**REQUIRED ACTION:**
From the entries below, output the line with "(Theta_x c) = c)" and each following line up to and including the line with "(Phi_v V) = V)", exactly as written.

**DATA SHOWN:**

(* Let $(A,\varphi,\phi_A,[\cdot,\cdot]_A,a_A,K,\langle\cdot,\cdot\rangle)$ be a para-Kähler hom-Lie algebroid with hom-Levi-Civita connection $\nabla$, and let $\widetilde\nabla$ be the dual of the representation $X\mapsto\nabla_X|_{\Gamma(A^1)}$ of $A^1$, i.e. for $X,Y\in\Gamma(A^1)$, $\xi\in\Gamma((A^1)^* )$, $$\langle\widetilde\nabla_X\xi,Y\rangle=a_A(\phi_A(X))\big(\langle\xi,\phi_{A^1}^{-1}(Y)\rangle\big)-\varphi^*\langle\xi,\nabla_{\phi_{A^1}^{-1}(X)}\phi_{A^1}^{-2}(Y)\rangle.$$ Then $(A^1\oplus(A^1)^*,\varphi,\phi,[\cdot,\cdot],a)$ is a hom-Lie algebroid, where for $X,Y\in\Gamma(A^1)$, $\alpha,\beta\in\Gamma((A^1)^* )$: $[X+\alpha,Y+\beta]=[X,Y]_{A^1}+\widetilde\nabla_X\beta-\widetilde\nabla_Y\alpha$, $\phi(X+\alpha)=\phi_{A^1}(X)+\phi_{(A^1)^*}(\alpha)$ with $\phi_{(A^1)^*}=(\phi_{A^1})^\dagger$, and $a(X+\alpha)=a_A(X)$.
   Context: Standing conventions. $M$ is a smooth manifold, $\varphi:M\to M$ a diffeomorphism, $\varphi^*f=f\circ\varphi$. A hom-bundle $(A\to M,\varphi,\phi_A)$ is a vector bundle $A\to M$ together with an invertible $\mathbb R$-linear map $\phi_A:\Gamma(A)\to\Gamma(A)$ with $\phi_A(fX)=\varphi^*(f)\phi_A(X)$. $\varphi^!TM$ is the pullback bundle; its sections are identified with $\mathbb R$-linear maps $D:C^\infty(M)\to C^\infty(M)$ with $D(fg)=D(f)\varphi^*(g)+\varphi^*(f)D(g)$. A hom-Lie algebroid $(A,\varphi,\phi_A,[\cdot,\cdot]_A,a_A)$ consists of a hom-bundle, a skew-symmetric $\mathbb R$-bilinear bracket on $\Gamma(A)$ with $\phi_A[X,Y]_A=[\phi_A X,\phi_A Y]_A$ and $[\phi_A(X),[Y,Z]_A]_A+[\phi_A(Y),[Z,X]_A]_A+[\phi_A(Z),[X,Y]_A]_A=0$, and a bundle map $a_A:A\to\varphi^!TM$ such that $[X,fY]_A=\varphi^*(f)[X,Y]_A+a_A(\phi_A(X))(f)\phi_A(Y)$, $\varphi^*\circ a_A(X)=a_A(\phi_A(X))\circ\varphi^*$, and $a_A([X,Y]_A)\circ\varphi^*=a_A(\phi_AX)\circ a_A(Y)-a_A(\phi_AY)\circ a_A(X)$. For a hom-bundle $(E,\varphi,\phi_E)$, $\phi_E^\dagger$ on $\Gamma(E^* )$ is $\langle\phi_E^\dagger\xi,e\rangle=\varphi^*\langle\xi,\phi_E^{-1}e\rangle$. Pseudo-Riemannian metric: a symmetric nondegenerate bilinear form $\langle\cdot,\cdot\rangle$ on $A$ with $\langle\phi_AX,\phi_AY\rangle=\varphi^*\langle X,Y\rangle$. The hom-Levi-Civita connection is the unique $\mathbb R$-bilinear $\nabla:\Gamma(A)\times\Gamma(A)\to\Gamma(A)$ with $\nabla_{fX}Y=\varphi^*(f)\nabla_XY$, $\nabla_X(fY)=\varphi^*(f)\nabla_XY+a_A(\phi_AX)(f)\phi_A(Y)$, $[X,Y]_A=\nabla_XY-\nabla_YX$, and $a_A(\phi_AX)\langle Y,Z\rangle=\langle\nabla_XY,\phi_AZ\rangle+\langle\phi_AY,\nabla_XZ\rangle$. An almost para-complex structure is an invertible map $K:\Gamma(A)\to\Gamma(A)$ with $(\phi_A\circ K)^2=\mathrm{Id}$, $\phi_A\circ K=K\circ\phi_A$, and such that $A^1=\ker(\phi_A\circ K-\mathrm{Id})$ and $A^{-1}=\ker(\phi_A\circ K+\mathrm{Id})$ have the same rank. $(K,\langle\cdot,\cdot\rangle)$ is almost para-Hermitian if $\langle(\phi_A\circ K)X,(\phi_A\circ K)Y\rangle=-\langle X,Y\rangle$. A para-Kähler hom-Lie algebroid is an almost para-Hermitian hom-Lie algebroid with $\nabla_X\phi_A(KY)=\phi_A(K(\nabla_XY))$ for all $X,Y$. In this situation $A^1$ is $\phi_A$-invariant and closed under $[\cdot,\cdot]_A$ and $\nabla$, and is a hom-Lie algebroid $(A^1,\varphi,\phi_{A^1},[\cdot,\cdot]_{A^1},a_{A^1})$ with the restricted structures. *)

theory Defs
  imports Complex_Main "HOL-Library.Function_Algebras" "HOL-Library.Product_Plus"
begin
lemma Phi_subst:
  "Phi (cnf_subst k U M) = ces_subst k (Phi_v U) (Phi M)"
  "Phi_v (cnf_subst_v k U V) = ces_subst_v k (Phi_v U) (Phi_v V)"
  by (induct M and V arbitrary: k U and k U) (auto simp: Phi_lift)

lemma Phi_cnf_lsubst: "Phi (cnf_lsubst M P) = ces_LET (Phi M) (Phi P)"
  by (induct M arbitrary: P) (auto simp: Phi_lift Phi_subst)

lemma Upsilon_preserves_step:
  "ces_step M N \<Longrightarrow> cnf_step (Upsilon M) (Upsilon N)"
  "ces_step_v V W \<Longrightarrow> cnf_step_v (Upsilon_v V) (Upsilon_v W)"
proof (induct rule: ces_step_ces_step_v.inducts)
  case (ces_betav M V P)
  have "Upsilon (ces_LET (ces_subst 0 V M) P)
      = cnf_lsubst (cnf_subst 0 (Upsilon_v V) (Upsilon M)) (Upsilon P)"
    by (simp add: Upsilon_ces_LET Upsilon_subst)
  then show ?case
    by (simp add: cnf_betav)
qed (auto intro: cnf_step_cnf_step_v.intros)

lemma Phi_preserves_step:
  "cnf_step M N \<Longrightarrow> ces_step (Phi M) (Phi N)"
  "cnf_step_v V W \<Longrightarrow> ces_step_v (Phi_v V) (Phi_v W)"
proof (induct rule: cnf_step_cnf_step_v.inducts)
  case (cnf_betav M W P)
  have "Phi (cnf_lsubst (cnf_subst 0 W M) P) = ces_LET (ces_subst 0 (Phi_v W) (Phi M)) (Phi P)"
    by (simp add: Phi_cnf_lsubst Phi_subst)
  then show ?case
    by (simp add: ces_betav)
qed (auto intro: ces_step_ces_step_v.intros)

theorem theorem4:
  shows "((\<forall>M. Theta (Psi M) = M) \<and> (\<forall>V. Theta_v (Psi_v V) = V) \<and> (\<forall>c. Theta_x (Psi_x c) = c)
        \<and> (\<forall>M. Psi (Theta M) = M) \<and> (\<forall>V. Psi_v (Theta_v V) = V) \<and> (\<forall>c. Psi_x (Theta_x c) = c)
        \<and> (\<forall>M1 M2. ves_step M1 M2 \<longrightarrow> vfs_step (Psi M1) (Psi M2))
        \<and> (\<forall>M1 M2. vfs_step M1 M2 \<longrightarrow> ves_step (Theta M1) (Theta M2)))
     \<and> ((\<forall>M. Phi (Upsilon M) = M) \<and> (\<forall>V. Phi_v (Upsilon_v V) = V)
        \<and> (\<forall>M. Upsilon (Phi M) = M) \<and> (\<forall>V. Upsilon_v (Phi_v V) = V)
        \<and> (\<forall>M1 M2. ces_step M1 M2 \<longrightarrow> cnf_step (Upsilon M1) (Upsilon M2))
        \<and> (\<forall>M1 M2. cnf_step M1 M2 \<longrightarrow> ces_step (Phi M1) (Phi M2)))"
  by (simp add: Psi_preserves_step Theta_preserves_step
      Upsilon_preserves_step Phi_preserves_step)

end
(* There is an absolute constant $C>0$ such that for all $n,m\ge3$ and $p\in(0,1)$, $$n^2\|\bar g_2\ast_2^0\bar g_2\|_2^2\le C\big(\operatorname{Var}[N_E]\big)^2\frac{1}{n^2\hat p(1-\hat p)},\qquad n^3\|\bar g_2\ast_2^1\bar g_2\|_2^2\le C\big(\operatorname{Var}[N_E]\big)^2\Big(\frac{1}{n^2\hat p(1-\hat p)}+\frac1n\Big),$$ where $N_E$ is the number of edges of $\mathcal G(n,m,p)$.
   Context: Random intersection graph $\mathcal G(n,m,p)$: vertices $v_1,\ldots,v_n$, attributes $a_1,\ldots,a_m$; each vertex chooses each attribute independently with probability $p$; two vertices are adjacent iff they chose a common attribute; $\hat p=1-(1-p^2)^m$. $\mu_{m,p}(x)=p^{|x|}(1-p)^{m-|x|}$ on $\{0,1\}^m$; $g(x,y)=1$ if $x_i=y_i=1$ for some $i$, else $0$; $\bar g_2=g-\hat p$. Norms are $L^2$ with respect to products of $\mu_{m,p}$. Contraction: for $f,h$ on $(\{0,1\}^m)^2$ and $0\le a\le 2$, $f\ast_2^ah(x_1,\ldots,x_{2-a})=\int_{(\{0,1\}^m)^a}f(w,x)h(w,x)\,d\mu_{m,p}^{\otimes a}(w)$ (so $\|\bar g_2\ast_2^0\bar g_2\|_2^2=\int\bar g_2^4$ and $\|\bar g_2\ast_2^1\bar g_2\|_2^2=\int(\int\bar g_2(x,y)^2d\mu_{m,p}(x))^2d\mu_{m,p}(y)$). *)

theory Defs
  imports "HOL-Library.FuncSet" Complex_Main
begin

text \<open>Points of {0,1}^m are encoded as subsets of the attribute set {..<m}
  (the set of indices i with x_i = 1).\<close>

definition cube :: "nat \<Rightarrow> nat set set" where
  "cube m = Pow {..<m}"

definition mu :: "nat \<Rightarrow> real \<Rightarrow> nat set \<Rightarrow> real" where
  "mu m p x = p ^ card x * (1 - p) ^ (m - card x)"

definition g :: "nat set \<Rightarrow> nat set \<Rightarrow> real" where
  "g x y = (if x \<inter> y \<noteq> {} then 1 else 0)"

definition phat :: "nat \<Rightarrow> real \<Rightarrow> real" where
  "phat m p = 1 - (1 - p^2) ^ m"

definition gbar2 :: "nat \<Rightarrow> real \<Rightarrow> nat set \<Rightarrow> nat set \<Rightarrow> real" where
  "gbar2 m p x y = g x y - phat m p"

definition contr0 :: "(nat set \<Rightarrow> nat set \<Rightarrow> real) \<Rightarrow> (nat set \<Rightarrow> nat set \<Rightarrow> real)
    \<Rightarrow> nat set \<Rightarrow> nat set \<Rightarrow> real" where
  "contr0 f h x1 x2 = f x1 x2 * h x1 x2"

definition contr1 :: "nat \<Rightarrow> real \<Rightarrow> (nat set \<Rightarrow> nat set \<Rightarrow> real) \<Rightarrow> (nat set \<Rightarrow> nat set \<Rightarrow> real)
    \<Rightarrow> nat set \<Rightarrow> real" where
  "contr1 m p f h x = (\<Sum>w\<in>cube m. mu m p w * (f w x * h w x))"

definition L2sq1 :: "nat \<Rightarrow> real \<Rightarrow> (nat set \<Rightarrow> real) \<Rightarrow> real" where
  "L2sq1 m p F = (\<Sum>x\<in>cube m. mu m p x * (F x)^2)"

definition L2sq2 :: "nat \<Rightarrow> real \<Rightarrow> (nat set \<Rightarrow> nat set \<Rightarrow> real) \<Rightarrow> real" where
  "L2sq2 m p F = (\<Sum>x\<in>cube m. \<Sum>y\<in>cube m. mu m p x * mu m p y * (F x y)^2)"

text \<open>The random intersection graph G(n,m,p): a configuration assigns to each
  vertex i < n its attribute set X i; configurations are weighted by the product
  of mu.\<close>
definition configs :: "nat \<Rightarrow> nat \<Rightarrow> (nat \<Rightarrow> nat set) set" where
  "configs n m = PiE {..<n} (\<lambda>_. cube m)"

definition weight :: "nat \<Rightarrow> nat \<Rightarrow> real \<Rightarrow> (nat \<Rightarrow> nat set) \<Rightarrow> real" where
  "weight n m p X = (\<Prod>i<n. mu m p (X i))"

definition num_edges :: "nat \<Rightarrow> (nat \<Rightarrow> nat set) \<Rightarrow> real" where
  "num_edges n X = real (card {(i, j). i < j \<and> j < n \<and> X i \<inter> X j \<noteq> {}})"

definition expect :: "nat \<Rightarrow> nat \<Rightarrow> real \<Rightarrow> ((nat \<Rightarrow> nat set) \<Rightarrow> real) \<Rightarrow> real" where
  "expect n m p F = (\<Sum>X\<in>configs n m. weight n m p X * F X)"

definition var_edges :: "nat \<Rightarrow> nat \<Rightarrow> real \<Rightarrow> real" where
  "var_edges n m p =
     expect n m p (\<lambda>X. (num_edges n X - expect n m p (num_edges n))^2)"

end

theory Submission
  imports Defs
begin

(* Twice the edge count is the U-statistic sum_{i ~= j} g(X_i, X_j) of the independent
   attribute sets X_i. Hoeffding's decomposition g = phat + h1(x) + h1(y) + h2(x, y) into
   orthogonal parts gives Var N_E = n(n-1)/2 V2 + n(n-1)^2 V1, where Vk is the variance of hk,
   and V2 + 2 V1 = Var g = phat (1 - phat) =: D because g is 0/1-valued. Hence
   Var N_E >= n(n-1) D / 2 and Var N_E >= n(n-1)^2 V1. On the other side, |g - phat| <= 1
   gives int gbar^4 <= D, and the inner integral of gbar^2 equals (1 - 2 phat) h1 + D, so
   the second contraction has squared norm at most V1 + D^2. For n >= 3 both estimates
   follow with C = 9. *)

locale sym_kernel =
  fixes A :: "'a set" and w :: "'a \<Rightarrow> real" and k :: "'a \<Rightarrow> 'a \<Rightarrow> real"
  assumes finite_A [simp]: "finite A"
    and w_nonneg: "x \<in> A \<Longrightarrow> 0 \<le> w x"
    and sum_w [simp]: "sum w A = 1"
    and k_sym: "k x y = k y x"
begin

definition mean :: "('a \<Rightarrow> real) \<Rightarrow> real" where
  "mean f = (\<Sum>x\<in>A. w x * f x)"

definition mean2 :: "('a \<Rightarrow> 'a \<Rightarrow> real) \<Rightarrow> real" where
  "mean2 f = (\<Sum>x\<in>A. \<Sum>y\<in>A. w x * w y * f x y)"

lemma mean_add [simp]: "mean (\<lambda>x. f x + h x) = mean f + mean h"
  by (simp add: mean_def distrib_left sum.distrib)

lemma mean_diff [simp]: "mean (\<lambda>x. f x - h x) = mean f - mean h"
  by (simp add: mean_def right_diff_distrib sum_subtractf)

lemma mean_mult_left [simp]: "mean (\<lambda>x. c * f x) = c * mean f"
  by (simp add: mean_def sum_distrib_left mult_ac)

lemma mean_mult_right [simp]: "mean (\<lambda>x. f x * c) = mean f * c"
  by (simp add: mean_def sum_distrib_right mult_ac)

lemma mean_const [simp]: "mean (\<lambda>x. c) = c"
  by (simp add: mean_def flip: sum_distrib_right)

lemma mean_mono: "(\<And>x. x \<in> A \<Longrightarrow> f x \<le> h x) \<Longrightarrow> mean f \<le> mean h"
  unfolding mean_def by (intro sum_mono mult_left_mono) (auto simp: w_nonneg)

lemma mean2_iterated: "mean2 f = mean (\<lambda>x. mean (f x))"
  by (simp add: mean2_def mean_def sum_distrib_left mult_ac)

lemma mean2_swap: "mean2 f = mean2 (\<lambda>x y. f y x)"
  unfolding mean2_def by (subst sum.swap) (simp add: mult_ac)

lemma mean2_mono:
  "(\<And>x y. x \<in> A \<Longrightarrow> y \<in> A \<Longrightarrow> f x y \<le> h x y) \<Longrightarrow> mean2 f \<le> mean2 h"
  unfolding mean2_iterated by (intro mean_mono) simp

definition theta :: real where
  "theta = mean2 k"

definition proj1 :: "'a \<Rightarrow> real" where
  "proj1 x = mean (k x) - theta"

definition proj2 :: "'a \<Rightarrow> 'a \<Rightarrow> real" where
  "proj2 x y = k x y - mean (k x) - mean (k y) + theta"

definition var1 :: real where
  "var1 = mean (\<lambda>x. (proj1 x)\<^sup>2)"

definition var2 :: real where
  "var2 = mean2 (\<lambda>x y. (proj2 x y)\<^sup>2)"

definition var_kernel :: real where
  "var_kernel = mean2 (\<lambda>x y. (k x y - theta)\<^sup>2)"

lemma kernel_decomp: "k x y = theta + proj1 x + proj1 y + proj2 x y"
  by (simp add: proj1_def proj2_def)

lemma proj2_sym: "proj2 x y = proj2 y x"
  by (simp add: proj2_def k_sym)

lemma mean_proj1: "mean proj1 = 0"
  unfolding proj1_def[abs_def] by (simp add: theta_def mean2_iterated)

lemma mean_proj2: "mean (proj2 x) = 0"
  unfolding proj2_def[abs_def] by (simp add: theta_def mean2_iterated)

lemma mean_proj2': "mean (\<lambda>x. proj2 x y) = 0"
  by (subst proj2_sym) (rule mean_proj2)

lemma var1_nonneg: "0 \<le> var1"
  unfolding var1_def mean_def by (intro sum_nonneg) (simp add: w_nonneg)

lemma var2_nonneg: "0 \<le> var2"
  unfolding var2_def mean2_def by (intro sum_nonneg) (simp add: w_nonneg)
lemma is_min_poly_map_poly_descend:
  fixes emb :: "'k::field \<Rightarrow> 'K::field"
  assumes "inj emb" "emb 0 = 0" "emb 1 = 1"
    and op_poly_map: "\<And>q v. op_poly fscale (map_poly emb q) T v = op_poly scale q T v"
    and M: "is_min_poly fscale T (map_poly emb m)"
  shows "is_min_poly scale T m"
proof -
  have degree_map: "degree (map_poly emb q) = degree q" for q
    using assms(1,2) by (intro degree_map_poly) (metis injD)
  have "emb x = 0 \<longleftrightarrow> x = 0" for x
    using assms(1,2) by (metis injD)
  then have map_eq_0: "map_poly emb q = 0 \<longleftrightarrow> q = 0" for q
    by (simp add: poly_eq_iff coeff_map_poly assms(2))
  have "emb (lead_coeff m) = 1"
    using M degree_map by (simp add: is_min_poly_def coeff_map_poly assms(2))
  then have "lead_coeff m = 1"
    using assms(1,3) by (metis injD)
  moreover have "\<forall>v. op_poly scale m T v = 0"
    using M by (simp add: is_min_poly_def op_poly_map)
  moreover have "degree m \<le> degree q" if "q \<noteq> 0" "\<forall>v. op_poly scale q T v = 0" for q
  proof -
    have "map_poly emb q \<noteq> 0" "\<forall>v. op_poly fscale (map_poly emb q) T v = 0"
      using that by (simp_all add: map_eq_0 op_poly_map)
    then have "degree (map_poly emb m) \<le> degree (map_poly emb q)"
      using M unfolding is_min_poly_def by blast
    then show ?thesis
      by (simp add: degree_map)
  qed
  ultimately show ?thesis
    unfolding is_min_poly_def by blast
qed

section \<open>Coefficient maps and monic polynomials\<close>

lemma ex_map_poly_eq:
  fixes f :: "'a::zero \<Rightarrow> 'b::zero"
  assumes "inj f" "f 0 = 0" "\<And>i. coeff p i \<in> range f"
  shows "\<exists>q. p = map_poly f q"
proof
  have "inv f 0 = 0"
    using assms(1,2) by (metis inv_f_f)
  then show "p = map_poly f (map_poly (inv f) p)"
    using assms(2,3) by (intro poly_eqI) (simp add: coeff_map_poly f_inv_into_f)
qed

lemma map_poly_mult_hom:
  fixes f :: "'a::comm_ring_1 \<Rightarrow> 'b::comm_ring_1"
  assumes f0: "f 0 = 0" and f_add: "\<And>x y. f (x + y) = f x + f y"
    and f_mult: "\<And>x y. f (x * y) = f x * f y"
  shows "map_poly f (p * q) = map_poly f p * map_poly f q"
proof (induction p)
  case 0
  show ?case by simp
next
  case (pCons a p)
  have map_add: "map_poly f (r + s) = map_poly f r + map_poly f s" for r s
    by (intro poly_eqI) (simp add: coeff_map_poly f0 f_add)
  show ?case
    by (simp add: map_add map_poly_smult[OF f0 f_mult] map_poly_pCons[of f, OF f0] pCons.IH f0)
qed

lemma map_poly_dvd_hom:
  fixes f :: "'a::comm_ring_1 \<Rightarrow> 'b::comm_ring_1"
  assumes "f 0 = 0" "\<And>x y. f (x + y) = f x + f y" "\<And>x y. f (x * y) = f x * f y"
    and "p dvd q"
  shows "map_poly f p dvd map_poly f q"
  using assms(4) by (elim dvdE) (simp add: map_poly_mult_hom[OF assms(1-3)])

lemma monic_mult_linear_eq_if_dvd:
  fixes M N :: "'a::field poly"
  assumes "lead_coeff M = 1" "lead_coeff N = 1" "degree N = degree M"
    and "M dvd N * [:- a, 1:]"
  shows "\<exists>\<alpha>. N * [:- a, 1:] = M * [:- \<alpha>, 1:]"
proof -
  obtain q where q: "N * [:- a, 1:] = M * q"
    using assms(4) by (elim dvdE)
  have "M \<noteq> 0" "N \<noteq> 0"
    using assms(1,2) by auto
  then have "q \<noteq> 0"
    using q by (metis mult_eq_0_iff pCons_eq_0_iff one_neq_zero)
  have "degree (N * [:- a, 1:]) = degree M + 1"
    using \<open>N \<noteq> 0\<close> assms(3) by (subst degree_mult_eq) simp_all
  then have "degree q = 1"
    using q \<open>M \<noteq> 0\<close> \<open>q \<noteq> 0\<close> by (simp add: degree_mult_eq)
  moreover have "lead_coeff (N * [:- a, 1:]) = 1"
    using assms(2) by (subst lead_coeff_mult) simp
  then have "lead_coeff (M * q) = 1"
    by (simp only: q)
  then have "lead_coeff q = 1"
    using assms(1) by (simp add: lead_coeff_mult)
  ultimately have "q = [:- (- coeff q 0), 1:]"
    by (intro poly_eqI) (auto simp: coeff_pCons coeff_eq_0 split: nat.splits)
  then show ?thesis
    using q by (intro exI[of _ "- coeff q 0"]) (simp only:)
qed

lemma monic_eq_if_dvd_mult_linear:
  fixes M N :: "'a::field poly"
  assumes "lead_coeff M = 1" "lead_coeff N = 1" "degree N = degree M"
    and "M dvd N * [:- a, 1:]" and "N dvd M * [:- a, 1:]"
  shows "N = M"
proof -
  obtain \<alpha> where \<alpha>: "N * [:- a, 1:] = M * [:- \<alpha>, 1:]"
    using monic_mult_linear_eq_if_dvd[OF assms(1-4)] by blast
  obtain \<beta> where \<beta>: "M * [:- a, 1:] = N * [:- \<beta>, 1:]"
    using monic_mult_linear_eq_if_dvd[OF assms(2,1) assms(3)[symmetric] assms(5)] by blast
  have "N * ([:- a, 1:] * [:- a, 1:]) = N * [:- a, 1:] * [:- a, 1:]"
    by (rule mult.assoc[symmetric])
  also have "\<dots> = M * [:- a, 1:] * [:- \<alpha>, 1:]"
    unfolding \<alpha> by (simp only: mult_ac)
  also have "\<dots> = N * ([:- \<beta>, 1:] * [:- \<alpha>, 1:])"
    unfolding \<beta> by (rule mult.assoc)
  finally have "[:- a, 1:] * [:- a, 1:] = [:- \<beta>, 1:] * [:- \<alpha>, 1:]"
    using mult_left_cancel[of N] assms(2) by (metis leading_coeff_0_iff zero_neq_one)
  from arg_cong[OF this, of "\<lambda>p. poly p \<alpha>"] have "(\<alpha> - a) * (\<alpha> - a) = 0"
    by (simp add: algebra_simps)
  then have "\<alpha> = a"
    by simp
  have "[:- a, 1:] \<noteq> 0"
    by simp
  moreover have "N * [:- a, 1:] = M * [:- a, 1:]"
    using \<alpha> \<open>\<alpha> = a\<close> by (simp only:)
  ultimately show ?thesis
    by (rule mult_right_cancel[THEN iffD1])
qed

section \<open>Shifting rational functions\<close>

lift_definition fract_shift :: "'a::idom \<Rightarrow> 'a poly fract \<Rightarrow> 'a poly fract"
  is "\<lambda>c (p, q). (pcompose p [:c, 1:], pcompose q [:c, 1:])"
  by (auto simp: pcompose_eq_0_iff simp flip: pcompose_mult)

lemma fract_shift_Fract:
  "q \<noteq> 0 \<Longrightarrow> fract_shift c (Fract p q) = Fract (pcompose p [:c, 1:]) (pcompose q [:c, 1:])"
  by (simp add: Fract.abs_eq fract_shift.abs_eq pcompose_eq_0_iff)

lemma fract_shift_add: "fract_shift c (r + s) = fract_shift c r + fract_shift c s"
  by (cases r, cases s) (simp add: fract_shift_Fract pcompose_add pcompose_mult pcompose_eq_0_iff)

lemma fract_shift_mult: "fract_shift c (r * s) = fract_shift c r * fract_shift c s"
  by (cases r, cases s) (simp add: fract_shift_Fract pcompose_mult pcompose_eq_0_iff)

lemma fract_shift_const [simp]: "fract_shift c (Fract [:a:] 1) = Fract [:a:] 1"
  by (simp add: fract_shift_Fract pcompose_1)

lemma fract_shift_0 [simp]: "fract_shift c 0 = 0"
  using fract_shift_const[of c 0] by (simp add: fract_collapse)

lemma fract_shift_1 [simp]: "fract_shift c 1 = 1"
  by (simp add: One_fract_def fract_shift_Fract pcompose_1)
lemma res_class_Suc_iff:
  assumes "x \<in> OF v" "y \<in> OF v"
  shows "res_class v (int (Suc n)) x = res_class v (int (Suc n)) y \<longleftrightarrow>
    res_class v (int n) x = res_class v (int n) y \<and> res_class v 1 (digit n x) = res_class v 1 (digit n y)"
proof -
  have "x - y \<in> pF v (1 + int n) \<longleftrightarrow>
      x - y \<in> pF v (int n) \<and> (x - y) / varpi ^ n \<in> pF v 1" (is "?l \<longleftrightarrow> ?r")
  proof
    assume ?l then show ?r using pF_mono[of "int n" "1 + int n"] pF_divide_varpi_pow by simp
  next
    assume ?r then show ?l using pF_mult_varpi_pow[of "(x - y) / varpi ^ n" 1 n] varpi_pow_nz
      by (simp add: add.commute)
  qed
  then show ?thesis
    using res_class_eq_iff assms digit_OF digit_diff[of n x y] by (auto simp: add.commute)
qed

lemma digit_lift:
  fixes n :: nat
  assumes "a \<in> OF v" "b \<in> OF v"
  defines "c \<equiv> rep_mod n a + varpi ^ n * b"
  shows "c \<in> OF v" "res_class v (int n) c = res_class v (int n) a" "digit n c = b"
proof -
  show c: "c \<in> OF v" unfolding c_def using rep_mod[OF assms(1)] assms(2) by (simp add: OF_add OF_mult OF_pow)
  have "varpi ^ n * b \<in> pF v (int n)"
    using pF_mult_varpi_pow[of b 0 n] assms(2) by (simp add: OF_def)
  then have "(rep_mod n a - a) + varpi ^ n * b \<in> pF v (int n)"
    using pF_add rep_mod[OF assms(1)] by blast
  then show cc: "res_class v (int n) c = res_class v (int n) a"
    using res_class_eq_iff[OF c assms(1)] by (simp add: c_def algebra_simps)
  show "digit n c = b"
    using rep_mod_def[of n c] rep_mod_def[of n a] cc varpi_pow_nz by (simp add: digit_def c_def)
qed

**THE ANSWER:**
        \<and> (\<forall>M. Psi (Theta M) = M) \<and> (\<forall>V. Psi_v (Theta_v V) = V) \<and> (\<forall>c. Psi_x (Theta_x c) = c)
        \<and> (\<forall>M1 M2. ves_step M1 M2 \<longrightarrow> vfs_step (Psi M1) (Psi M2))
        \<and> (\<forall>M1 M2. vfs_step M1 M2 \<longrightarrow> ves_step (Theta M1) (Theta M2)))
     \<and> ((\<forall>M. Phi (Upsilon M) = M) \<and> (\<forall>V. Phi_v (Upsilon_v V) = V)
        \<and> (\<forall>M. Upsilon (Phi M) = M) \<and> (\<forall>V. Upsilon_v (Phi_v V) = V)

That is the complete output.